Afin de lever toute ambiguïté et confusion, il y a lieu de faire une distinction claire et net entre les groupes armés nationaux et les
groupes armés étrangers.   Ces deux cas distincts nécessitent des approches différentes, et il y lieu de privilégier le règlement des
problèmes de fonds et la réconciliation en ce qui concerne les fils du pays, dans l'intérêt général de la nation.

La question de la Réconciliation Nationale et de l'intégration effective de la minorité Tutsi dans la nation Congolais doit encore trouver
résolution définitive.   Cette minorité, de citoyenneté Congolaise, est la seule dont 80% de sa population se trouve encore en exil forcé
sans réponse appropriée à cette problématique de la part de l'Autorité, que ce soit pendant la Transition ou après les élections.

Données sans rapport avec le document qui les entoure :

(* Let $n>1$ be an integer and let $\pi_2,\ldots,\pi_{n-1}\in[0,1]$ be arbitrary. Consider the Markov chain $X_0,X_1,\ldots$ on the state space $\{1,\ldots,n\}$ with transition probabilities $$p_{1,2}=p_{n,n-1}=1,\qquad p_{i,i+1}=\pi_i,\quad p_{i,i-1}=1-\pi_i \quad (2\le i\le n-1).$$ All other transition probabilities are $0$. For states $i,j$, let $T_{i,j}=\min\{t>0: X_t=j\}$ be the hitting time of $j$ when the chain is started at $X_0=i$. Then $$\mathrm{E}\{T_{1,n}+T_{n,1}\}\ge 2(n-1)^2.$$
   Context: Expectations may be infinite. In that case the inequality holds trivially. *)

theory Defs
  imports "HOL-Probability.Probability"
begin

definition trans_prob :: "nat \<Rightarrow> (nat \<Rightarrow> real) \<Rightarrow> nat \<Rightarrow> nat \<Rightarrow> real" where
  "trans_prob n \<pi> i j =
     (if i = 1 then (if j = 2 then 1 else 0)
      else if i = n then (if j = n - 1 then 1 else 0)
      else if 2 \<le> i \<and> i \<le> n - 1 then
        (if j = i + 1 then \<pi> i else if j = i - 1 then 1 - \<pi> i else 0)
      else 0)"

text \<open>X is a Markov chain on the probability space M with transition probabilities
  trans_prob n pi and started at X 0 = i0: all finite-dimensional distributions are
  given by products of transition probabilities.\<close>
definition is_chain ::
  "'w measure \<Rightarrow> (nat \<Rightarrow> 'w \<Rightarrow> nat) \<Rightarrow> nat \<Rightarrow> (nat \<Rightarrow> real) \<Rightarrow> nat \<Rightarrow> bool" where
  "is_chain M X n \<pi> i0 \<longleftrightarrow>
     prob_space M \<and>
     (\<forall>t. X t \<in> measurable M (count_space UNIV)) \<and>
     (\<forall>t xs. length xs = Suc t \<longrightarrow>
        measure M {\<omega> \<in> space M. \<forall>k\<le>t. X k \<omega> = xs ! k} =
          (if xs ! 0 = i0 then (\<Prod>k<t. trans_prob n \<pi> (xs ! k) (xs ! Suc k)) else 0))"

definition hit_time :: "(nat \<Rightarrow> 'w \<Rightarrow> nat) \<Rightarrow> nat \<Rightarrow> 'w \<Rightarrow> ennreal" where
  "hit_time X j \<omega> =
     (if \<exists>t>0. X t \<omega> = j then of_nat (LEAST t. t > 0 \<and> X t \<omega> = j) else \<infinity>)"

end

theory Submission
  imports Defs
begin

Finalement, malgré les atouts considérables dont est doté la Province du Nord-Kivu, la crise aigue trouve également racine dans la
mauvaise gestion de nos ressources humaines et naturelles, mauvaise gestion qui conduit à l'appauvrissement et au chômage
chronique de notre population. Brièvement, nous pouvons souligner sa position géographique avoisinant les Provinces Orientales,
Maniema, Sud Kivu ainsi que la Communauté de l'Afrique de l'Est, ses potentialités humaines et naturelles, réserves d'eau douce,
terres fertiles, climat, sites touristiques, parcs nationaux, minerais, gaz méthane, etc.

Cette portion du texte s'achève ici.